Genetic investigations of neurocognitive phenotypes aim to elucidate mechanisms underlying cognitive function and behavior, and to further our understanding of the pathogenesis of neuropsychiatric disorders. A series of advances in genomics and bioinformatics have transformed human genetics over the past decade. For example, when genome wide association studies (GWAS) began, in about 2005, only a few genes associated with complex human traits had yet been identified. By 2010, GWAS had detected almost one thousand distinct genetic loci unequivocally associated with one or more such traits, i.e., having achieved a commonly accepted statistical threshold for genome wide significance (p < 5 × 10-8) and having been replicated in at least one independent sample (http://www.genome.gov/gwastudies/). During this period cognitive neuroscience has also experienced a technology-driven transformation; for example, the proliferation of various neuroimaging modalities has led to the delineation of a wide and still growing array of novel phenotypes. The apparent high heritability of many of these measures has in turn led to intense efforts to identify the responsible genetic loci. While several putative neurocognitive trait associations have been the focus of considerable attention, human geneticists have accepted almost none of them as having achieved validation, given the widely agreed upon statistical threshold noted above. At the same time, the genome wide approaches, which have been so clearly validated for a wide variety of complex traits, have not yet yielded clear associations for neurocognitive phenotypes. There is thus currently a disconnect between the fields of human genetics and cognitive neuroscience. In this perspective we discuss the basis for this gap and suggest strategies for bridging it. We illustrate key points by comparing and contrasting investigations of several prominent neurocognitive phenotypes with genetic studies of various “medical” traits. A comprehensive review of neurocognitive measures is, however, beyond our purview

Genetic architecture and genetic dissection of complex phenotypes

Understanding the challenges involved in genetic elucidation of neurocognitive phenotypes requires an appreciation of the current state of knowledge regarding the genetic architecture of human phenotypes generally. Among the greatest scientific advances of the past few decades has been the mapping of human genomes at increasingly high resolution, from the discovery of the first genetic markers, to the current prospect of complete sequencing on a population-wide scale. Accompanying this progress has been an increasingly nuanced appreciation of the relationship between human genotypic and phenotypic variation. In the late 1980’s and early 1990’s, genetic mapping studies identified mutations that precisely predicted risk for numerous rare disorders with Mendelian inheritance patterns, with Huntington’s disease being perhaps the most widely known example within neuropsychiatry (The Huntington’s Disease Collaborative Research Group, 1993). Mapping such mutations using whole genome linkage analysis and fine-mapping association analysis became straightforward once genomics efforts had identified sufficient numbers of polymorphic markers (Freimer and Sabatti, 2004). The spectacular successes of these studies created an expectation that similarly predictive mutations could explain risk for common diseases, and could be identified using similar methods. This expectation proved incorrect. Despite extensive efforts by numerous investigators, genetic mapping studies failed to implicate any such mutations in the causation of common disorders, with the notable exception of a few instances in which clearly unusual families demonstrated Mendelian transmission of a particularly distinctive phenotypic variant. Examples within neurogenetics include a rare familial form of migraine accompanied by additional phenotypes (hemiplegia and cerebellar atrophy) and accounted for by dominant mutations in the calcium channel gene CACNL1A4 (Ophoff et al., 1996) or Familial Alzheimer Disease. In the latter example, the discovery that dominant mutations in one of three genes (APP, PS1, and PS2) are implicated in early onset of the disorder in a small number of families has helped transform our understanding of biological processes underlying neurodegeneration (Selkoe and Podlisny, 2002).

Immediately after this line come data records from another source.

lemma state_outside: "state p \<Longrightarrow> \<not> (a \<in> outputs \<and> x \<in> inputs) \<Longrightarrow> p a x = 0"
  unfolding box_state_def by simp

lemma state_nonneg: "state p \<Longrightarrow> 0 \<le> p a x"
  unfolding box_state_def by (cases "a \<in> outputs \<and> x \<in> inputs") auto

lemma state_sum_outputs: "state p \<Longrightarrow> x \<in> inputs \<Longrightarrow> (\<Sum>a\<in>outputs. p a x) = 1"
  unfolding box_state_def by blast

lemma state_no_signalling:
  assumes "state p" "i < n" "a \<in> outputs" "x \<in> inputs" "x' \<in> inputs" "\<And>j. j \<noteq> i \<Longrightarrow> x j = x' j"
  shows "(\<Sum>b\<in>A i. p (a(i := b)) x) = (\<Sum>b\<in>A i. p (a(i := b)) x')"
  using assms unfolding box_state_def by blast

lemma state_le_1: "state p \<Longrightarrow> p a x \<le> 1"
proof (cases "a \<in> outputs \<and> x \<in> inputs")
  case True
  assume p: "state p"
  have "p a x \<le> (\<Sum>a\<in>outputs. p a x)"
    using True finite_outputs by (intro member_le_sum) (auto intro: state_nonneg[OF p])
  thus ?thesis using state_sum_outputs[OF p] True by simp
qed (auto simp: state_outside)

lemma state_eqI:
  "state p \<Longrightarrow> state q \<Longrightarrow> (\<And>a x. a \<in> outputs \<Longrightarrow> x \<in> inputs \<Longrightarrow> p a x = q a x) \<Longrightarrow> p = q"
  by (intro ext) (metis state_outside)

lemma state_mixI:
  assumes p: "state p" and q: "state q"
    and nonneg: "\<And>a x. a \<in> outputs \<Longrightarrow> x \<in> inputs \<Longrightarrow> 0 \<le> mix t p q a x"
  shows "state (mix t p q)"
  unfolding box_state_def
proof (intro conjI ballI allI impI)
  fix a x assume "\<not> (a \<in> outputs \<and> x \<in> inputs)"
  thus "mix t p q a x = 0" using state_outside[OF p] state_outside[OF q] by simp
next
  fix a x assume "a \<in> outputs" "x \<in> inputs" thus "0 \<le> mix t p q a x" by (rule nonneg)
next
  fix x assume x: "x \<in> inputs"
  have "(\<Sum>a\<in>outputs. mix t p q a x) = t * (\<Sum>a\<in>outputs. p a x) + (1 - t) * (\<Sum>a\<in>outputs. q a x)"
    by (simp add: sum.distrib sum_distrib_left)
  thus "(\<Sum>a\<in>outputs. mix t p q a x) = 1"
    using state_sum_outputs[OF p x] state_sum_outputs[OF q x] by simp
next
  fix i a x x' assume ns: "i < n" "a \<in> outputs" "x \<in> inputs" "x' \<in> inputs" "\<forall>j. j \<noteq> i \<longrightarrow> x j = x' j"
  have split: "(\<Sum>b\<in>A i. mix t p q (a(i := b)) y) =
      t * (\<Sum>b\<in>A i. p (a(i := b)) y) + (1 - t) * (\<Sum>b\<in>A i. q (a(i := b)) y)" for y
    by (simp add: sum.distrib sum_distrib_left)
  show "(\<Sum>b\<in>A i. mix t p q (a(i := b)) x) = (\<Sum>b\<in>A i. mix t p q (a(i := b)) x')"
    unfolding split using state_no_signalling[OF p ns(1-4)] state_no_signalling[OF q ns(1-4)] ns(5)
    by simp
qed

lemma state_mix:
  assumes p: "state p" and q: "state q" and t: "0 \<le> t" "t \<le> 1"
  shows "state (mix t p q)"
proof (rule state_mixI[OF p q])
  fix a x
  show "0 \<le> mix t p q a x"
    using t state_nonneg[OF p, of a x] state_nonneg[OF q, of a x] by simp
qed

lemma state_peel_off:
  assumes m: "state m" and d: "state d" and l: "0 \<le> l" "l < 1"
    and below: "\<And>a x. a \<in> outputs \<Longrightarrow> x \<in> inputs \<Longrightarrow> l * d a x \<le> m a x"
  obtains w where "state w" "m = mix l d w" "\<And>a x. (1 - l) * w a x = m a x - l * d a x"
proof
  define w where "w = mix (1 / (1 - l)) m d"
  have w_eq: "(1 - l) * w a x = m a x - l * d a x" for a x
  proof -
    have expand: "(1 - l) * (c * M + (1 - c) * D) = (1 - l) * c * M + ((1 - l) - (1 - l) * c) * D"
      for c M D :: real by (simp add: algebra_simps)
    have "(1 - l) * (1 / (1 - l)) = 1" using l by simp
    with expand[of "1 / (1 - l)" "m a x" "d a x"] show ?thesis by (simp add: w_def)
  qed
  show "state w" unfolding w_def
  proof (rule state_mixI[OF m d])
    fix a x assume "a \<in> outputs" "x \<in> inputs"
    hence "0 \<le> (1 - l) * w a x" using below w_eq by simp
    thus "0 \<le> mix (1 / (1 - l)) m d a x" using l by (simp add: w_def zero_le_mult_iff)
  qed
  show "m = mix l d w"
  proof (intro ext)
    fix a x show "m a x = mix l d w a x" using w_eq[of a x] by simp
  qed
  show "(1 - l) * w a x = m a x - l * d a x" for a x by (rule w_eq)
qed

lemma effect_iff:
  "effect \<mu> \<longleftrightarrow> (\<forall>p. state p \<longrightarrow> 0 \<le> \<mu> p \<and> \<mu> p \<le> 1) \<and>
     (\<forall>p q t. state p \<longrightarrow> state q \<longrightarrow> 0 \<le> t \<longrightarrow> t \<le> 1 \<longrightarrow> \<mu> (mix t p q) = t * \<mu> p + (1 - t) * \<mu> q)"
  unfolding box_effect_def mix_def ..

lemma effect_mix: "effect \<mu> \<Longrightarrow> state p \<Longrightarrow> state q \<Longrightarrow> 0 \<le> t \<Longrightarrow> t \<le> 1 \<Longrightarrow>
    \<mu> (mix t p q) = t * \<mu> p + (1 - t) * \<mu> q"
  unfolding effect_iff by blast

lemma effect_nonneg: "effect \<mu> \<Longrightarrow> state p \<Longrightarrow> 0 \<le> \<mu> p"
  unfolding effect_iff by blast

lemma effect_le_1: "effect \<mu> \<Longrightarrow> state p \<Longrightarrow> \<mu> p \<le> 1"
  unfolding effect_iff by blast

definition deterministic :: "(nat \<Rightarrow> 'a) \<Rightarrow> (nat \<Rightarrow> 'a) \<Rightarrow> (nat \<Rightarrow> 'x) \<Rightarrow> real" where
  "deterministic a0 = (\<lambda>a x. if a = a0 \<and> x \<in> inputs then 1 else 0)"

lemma deterministic_apply: "x \<in> inputs \<Longrightarrow> deterministic a0 a x = (if a = a0 then 1 else 0)"
  by (simp add: deterministic_def)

The recognition in the 1990s that simple models of genetic causation could not explain the inherited risk for common diseases changed the direction of human genetics, emphasizing two ways of conceptualizing their investigation that remain central to the field today. On the one hand, it focused attention on characterizing the genetic architecture of common diseases, i.e. determining what number and combination of genetic variants of particular types are required to account for disease risk in the population (Sing et al., 1996; Singleton et al., 2010). On the other hand, it led to a realization that common diseases required genetic dissection, i.e. that they are etiologically heterogeneous conglomerations, which can be reduced to more homogeneous forms consequent to the discovery of risk variants (Ehrenreich et al., 2010; Lander and Schork, 1994). The process of genetic dissection thus characterizes the phenotypic architecture of common disorders.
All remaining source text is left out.